[The problem]:
Using the data beneath this instruction, retype only the lines from the one that contains "outcome set X is" down to the one that contains "States Th A.", both included, exactly as they appear.

[Data]:

*-*-*

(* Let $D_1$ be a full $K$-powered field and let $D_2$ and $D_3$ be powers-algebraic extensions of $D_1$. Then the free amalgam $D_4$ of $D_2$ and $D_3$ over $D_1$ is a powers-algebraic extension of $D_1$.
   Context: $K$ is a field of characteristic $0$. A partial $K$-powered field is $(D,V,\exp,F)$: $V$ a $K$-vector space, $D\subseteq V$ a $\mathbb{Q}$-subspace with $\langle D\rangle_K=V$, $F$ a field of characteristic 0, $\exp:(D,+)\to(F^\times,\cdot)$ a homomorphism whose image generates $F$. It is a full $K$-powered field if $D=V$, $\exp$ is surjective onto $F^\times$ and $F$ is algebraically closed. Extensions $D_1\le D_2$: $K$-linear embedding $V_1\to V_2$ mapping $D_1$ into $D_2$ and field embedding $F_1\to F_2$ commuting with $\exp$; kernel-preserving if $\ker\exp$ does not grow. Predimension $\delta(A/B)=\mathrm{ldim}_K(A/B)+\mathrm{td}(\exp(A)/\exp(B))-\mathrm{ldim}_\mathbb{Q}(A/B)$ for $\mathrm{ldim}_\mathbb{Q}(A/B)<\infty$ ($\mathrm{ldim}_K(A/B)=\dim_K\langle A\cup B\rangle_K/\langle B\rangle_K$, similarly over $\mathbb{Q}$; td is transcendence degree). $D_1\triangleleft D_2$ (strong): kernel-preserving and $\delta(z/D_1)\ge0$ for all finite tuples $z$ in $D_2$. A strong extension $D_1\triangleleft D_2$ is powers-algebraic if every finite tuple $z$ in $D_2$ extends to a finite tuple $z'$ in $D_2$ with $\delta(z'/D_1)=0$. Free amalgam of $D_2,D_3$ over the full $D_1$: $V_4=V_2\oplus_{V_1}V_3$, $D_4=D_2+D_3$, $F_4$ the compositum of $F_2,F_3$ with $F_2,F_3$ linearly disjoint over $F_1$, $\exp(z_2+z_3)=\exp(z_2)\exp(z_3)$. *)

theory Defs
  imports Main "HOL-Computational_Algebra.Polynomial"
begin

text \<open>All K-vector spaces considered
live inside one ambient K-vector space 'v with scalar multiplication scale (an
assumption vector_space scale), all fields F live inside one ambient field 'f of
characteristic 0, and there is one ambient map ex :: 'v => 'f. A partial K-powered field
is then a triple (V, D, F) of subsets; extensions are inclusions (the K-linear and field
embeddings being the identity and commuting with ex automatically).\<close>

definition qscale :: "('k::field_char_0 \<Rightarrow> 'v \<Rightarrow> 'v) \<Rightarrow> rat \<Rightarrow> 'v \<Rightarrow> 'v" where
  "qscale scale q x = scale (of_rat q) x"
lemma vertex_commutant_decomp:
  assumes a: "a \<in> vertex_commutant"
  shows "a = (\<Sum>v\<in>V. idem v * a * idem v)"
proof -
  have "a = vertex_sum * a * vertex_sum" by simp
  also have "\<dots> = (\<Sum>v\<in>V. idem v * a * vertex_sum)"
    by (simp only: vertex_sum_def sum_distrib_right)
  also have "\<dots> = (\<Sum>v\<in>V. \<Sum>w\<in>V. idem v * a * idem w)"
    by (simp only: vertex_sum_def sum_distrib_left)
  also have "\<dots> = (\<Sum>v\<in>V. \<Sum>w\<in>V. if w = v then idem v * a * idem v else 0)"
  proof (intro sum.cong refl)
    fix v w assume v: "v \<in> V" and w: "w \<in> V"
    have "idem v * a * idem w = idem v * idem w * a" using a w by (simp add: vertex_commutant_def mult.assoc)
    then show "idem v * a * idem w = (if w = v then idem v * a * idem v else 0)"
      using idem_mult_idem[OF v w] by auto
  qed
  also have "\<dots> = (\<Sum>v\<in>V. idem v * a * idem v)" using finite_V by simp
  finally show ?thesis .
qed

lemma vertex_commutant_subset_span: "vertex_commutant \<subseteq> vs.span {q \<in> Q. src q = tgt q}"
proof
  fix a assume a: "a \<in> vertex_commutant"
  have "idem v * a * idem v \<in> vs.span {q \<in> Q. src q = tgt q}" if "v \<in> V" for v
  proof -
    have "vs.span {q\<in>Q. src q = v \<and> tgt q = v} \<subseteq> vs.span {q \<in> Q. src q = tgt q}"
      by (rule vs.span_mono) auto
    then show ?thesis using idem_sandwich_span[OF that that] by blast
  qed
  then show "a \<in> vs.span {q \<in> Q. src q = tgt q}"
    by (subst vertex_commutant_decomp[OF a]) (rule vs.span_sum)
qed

*-*-*

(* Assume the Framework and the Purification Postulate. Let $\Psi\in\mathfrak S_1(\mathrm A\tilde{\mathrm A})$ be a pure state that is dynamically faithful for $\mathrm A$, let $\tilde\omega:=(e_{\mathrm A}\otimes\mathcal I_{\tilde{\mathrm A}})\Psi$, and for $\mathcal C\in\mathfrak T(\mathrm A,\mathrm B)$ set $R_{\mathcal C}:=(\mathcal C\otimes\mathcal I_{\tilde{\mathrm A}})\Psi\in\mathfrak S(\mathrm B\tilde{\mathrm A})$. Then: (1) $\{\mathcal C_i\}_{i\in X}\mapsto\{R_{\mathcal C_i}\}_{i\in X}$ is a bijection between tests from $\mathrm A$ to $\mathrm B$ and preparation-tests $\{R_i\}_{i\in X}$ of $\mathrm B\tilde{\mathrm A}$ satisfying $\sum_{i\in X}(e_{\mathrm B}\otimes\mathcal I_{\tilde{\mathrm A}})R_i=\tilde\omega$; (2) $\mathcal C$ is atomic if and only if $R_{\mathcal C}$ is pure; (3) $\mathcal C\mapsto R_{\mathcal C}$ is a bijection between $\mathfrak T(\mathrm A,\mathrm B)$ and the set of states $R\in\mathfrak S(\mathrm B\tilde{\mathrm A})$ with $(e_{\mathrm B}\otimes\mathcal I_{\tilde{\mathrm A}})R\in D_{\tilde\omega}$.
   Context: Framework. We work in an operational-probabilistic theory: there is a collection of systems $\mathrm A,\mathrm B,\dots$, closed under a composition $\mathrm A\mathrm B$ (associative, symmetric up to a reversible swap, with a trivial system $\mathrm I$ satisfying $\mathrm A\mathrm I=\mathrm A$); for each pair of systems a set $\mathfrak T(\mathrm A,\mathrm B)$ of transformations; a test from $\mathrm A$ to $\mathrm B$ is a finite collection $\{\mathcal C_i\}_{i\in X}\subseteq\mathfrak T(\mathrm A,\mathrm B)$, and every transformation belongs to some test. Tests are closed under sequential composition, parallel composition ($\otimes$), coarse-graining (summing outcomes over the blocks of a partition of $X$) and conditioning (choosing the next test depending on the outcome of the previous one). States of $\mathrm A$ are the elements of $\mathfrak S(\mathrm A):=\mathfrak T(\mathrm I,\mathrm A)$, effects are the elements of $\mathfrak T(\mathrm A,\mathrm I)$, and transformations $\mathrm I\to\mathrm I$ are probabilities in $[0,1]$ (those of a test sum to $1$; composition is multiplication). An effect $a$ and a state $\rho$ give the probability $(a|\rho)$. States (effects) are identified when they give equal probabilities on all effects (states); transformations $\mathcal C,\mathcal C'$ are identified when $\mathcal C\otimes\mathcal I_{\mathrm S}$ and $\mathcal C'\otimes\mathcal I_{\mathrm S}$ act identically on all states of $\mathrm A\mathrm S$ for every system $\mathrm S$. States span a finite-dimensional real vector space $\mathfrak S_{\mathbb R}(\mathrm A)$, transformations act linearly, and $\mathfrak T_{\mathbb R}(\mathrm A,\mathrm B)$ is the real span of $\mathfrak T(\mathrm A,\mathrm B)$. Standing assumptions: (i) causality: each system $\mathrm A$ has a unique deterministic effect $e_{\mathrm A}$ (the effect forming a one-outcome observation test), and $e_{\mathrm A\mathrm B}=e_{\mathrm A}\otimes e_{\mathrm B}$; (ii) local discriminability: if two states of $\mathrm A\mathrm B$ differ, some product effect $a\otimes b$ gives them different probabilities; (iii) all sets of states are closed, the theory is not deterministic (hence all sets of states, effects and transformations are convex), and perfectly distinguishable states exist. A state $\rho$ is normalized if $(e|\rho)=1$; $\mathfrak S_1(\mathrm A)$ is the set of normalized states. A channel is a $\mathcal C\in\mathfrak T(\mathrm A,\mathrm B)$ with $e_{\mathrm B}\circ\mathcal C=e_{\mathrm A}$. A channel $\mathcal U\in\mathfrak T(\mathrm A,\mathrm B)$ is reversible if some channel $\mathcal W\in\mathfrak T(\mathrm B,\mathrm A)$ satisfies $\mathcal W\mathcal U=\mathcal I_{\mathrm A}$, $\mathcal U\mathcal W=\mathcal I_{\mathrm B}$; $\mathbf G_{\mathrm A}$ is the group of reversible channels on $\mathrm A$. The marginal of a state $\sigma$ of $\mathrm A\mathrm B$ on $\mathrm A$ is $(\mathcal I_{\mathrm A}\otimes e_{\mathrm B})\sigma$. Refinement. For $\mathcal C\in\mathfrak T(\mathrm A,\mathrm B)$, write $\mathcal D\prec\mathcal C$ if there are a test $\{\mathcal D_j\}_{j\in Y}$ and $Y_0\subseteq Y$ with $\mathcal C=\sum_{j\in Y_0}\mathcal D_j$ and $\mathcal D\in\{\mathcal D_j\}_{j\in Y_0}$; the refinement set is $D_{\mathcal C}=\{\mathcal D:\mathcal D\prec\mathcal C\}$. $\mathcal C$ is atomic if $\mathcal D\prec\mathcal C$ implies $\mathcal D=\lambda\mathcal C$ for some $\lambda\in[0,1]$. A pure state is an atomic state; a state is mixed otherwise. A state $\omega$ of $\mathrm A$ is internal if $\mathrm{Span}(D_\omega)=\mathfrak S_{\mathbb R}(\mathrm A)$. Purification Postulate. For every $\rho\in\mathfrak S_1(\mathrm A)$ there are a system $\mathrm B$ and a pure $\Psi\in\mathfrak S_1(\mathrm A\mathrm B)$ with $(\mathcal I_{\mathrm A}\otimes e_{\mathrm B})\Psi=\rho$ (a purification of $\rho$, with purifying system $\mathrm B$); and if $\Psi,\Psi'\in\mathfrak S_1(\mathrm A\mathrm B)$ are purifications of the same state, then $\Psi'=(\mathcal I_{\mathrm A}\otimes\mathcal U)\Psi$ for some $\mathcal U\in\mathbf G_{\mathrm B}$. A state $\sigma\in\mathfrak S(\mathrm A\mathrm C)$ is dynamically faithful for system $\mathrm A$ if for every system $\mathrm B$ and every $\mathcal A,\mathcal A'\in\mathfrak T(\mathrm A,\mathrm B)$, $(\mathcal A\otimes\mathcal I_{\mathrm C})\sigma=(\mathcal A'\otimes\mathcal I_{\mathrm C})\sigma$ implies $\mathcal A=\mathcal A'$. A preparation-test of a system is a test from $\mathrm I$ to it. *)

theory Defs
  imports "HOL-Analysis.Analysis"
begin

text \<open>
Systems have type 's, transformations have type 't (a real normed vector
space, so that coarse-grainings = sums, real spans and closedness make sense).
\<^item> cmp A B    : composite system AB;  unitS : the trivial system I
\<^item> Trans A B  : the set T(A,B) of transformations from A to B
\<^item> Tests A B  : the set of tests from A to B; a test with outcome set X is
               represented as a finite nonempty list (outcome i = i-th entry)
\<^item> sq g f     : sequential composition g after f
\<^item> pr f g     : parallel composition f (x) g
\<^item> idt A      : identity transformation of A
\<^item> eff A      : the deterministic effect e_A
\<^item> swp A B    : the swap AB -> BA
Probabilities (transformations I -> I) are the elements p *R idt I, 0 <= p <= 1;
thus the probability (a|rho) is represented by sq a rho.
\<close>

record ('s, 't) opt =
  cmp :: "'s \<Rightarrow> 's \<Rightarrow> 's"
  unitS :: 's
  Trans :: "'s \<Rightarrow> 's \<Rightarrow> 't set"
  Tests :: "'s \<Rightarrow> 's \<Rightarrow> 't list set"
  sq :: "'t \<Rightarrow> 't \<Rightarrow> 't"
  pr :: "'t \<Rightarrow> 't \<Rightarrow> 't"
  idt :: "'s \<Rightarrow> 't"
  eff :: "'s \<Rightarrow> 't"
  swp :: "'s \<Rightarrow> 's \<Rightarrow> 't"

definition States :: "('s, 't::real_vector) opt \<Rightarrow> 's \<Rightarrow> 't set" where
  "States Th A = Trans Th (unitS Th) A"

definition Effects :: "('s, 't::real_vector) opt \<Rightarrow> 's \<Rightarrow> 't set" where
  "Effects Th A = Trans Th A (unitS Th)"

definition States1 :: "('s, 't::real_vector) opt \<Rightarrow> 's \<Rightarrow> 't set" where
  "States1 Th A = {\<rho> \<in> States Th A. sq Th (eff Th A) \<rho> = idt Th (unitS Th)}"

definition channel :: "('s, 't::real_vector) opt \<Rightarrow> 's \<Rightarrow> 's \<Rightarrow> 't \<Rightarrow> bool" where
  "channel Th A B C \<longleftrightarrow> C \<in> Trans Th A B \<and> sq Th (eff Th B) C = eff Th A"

*-*-*

[Answer section]:
\<^item> Tests A B  : the set of tests from A to B; a test with outcome set X is
               represented as a finite nonempty list (outcome i = i-th entry)
\<^item> sq g f     : sequential composition g after f
\<^item> pr f g     : parallel composition f (x) g
\<^item> idt A      : identity transformation of A
\<^item> eff A      : the deterministic effect e_A
\<^item> swp A B    : the swap AB -> BA
Probabilities (transformations I -> I) are the elements p *R idt I, 0 <= p <= 1;
thus the probability (a|rho) is represented by sq a rho.
\<close>

record ('s, 't) opt =
  cmp :: "'s \<Rightarrow> 's \<Rightarrow> 's"
  unitS :: 's
  Trans :: "'s \<Rightarrow> 's \<Rightarrow> 't set"
  Tests :: "'s \<Rightarrow> 's \<Rightarrow> 't list set"
  sq :: "'t \<Rightarrow> 't \<Rightarrow> 't"
  pr :: "'t \<Rightarrow> 't \<Rightarrow> 't"
  idt :: "'s \<Rightarrow> 't"
  eff :: "'s \<Rightarrow> 't"
  swp :: "'s \<Rightarrow> 's \<Rightarrow> 't"

definition States :: "('s, 't::real_vector) opt \<Rightarrow> 's \<Rightarrow> 't set" where
  "States Th A = Trans Th (unitS Th) A"

definition Effects :: "('s, 't::real_vector) opt \<Rightarrow> 's \<Rightarrow> 't set" where
  "Effects Th A = Trans Th A (unitS Th)"

definition States1 :: "('s, 't::real_vector) opt \<Rightarrow> 's \<Rightarrow> 't set" where
  "States1 Th A = {\<rho> \<in> States Th A. sq Th (eff Th A) \<rho> = idt Th (unitS Th)}"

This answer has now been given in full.